**Work instruction**
Go through the entries below and tally the lines holding "hermitian"; please reply with the number only.

**Provided material**

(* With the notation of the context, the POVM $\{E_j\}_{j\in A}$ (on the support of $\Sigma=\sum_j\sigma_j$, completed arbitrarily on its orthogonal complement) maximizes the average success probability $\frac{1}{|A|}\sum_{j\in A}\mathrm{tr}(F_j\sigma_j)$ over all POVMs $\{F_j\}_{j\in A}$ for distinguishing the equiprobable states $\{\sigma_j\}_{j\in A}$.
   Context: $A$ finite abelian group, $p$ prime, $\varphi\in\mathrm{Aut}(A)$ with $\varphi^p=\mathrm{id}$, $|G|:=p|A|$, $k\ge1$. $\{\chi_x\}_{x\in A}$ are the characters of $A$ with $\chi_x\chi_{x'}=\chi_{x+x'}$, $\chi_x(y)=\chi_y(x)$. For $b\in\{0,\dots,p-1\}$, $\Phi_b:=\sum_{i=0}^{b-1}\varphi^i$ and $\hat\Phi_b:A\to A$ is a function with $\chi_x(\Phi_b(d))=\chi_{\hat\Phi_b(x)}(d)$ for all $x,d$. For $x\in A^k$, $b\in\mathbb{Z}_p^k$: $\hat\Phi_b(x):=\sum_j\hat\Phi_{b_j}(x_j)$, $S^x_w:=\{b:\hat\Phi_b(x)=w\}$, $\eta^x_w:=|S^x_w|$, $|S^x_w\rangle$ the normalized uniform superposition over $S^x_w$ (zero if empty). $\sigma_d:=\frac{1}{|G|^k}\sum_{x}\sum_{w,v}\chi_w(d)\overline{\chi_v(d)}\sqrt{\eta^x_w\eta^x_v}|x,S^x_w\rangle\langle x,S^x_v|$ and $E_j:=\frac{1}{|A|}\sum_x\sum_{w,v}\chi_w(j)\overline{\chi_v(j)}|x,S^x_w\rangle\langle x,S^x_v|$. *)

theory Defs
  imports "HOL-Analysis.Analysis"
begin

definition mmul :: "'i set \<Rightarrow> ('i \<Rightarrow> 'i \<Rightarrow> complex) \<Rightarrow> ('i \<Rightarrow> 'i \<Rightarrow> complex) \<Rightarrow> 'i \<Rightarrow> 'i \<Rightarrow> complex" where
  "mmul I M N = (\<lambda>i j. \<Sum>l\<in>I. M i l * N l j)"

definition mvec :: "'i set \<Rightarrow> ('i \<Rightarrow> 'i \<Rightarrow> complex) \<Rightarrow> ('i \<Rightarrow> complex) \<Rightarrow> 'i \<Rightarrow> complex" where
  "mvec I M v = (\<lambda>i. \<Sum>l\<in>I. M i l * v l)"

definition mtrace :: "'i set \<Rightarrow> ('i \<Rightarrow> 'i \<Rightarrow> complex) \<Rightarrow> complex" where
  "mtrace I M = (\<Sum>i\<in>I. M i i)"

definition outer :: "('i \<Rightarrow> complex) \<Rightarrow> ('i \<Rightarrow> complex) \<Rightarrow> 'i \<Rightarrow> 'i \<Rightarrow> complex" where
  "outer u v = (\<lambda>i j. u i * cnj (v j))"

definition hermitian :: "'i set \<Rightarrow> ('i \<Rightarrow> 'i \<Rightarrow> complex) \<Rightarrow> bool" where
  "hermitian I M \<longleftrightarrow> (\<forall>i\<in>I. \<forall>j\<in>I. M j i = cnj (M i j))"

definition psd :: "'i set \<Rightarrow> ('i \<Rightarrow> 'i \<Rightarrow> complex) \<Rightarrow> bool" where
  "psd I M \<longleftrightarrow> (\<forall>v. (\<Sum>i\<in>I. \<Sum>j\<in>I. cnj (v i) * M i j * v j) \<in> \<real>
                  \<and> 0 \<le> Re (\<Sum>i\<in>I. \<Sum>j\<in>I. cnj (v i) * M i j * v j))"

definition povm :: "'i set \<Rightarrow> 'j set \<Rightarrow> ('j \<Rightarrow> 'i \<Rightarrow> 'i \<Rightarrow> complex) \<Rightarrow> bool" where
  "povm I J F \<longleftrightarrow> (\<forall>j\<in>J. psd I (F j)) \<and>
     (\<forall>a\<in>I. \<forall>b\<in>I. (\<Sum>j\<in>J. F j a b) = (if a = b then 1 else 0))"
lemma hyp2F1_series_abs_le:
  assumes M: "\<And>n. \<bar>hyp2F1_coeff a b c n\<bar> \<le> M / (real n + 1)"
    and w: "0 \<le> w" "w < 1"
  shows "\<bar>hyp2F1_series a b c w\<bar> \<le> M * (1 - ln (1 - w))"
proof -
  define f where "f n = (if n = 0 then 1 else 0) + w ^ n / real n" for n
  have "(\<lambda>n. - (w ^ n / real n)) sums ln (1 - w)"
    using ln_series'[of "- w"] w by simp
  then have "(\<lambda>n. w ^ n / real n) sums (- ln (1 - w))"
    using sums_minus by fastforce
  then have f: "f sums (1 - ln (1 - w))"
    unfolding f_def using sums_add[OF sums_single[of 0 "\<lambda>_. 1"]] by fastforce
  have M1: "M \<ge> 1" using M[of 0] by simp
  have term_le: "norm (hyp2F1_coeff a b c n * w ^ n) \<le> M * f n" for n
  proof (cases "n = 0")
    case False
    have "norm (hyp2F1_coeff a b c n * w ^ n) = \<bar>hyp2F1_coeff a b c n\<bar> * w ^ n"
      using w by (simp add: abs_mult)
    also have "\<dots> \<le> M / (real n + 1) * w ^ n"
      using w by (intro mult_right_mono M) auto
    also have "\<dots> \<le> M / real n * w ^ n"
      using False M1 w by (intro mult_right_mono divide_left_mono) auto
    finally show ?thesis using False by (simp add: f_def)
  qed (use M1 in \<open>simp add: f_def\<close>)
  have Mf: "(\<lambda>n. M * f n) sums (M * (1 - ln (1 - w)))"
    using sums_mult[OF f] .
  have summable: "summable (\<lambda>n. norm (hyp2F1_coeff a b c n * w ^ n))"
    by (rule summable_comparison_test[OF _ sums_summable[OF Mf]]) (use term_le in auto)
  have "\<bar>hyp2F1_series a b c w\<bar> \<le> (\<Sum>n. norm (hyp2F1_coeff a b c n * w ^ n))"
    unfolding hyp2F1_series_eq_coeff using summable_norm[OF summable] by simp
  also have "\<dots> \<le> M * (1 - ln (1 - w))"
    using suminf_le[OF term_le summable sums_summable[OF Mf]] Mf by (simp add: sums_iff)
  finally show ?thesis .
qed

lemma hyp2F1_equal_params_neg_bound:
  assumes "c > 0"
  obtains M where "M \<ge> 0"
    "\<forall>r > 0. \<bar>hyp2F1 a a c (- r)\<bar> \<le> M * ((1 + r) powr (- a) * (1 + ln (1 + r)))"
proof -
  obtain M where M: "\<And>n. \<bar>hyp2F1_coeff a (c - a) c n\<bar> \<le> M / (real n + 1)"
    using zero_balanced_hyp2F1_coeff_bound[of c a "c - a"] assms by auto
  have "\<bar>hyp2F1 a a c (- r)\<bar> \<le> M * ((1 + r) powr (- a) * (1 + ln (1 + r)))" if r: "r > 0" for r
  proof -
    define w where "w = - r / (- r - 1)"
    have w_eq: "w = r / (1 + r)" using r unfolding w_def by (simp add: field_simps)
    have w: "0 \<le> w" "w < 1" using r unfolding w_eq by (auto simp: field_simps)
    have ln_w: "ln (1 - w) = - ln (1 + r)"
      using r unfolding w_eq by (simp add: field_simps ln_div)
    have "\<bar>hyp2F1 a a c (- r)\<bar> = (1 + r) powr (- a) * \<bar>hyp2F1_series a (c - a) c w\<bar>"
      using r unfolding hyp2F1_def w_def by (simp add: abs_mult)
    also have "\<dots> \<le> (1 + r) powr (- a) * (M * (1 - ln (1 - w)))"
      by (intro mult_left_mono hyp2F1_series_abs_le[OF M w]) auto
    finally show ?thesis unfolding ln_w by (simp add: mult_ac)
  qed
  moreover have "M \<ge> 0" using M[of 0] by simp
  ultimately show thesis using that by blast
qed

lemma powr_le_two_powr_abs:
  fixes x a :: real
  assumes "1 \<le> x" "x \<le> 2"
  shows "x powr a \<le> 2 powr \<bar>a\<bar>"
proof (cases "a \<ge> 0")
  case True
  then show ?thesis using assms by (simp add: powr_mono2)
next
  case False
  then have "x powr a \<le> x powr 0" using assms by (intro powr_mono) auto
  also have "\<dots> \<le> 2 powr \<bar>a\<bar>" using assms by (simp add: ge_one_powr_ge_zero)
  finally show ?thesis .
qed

**Exercise response**
2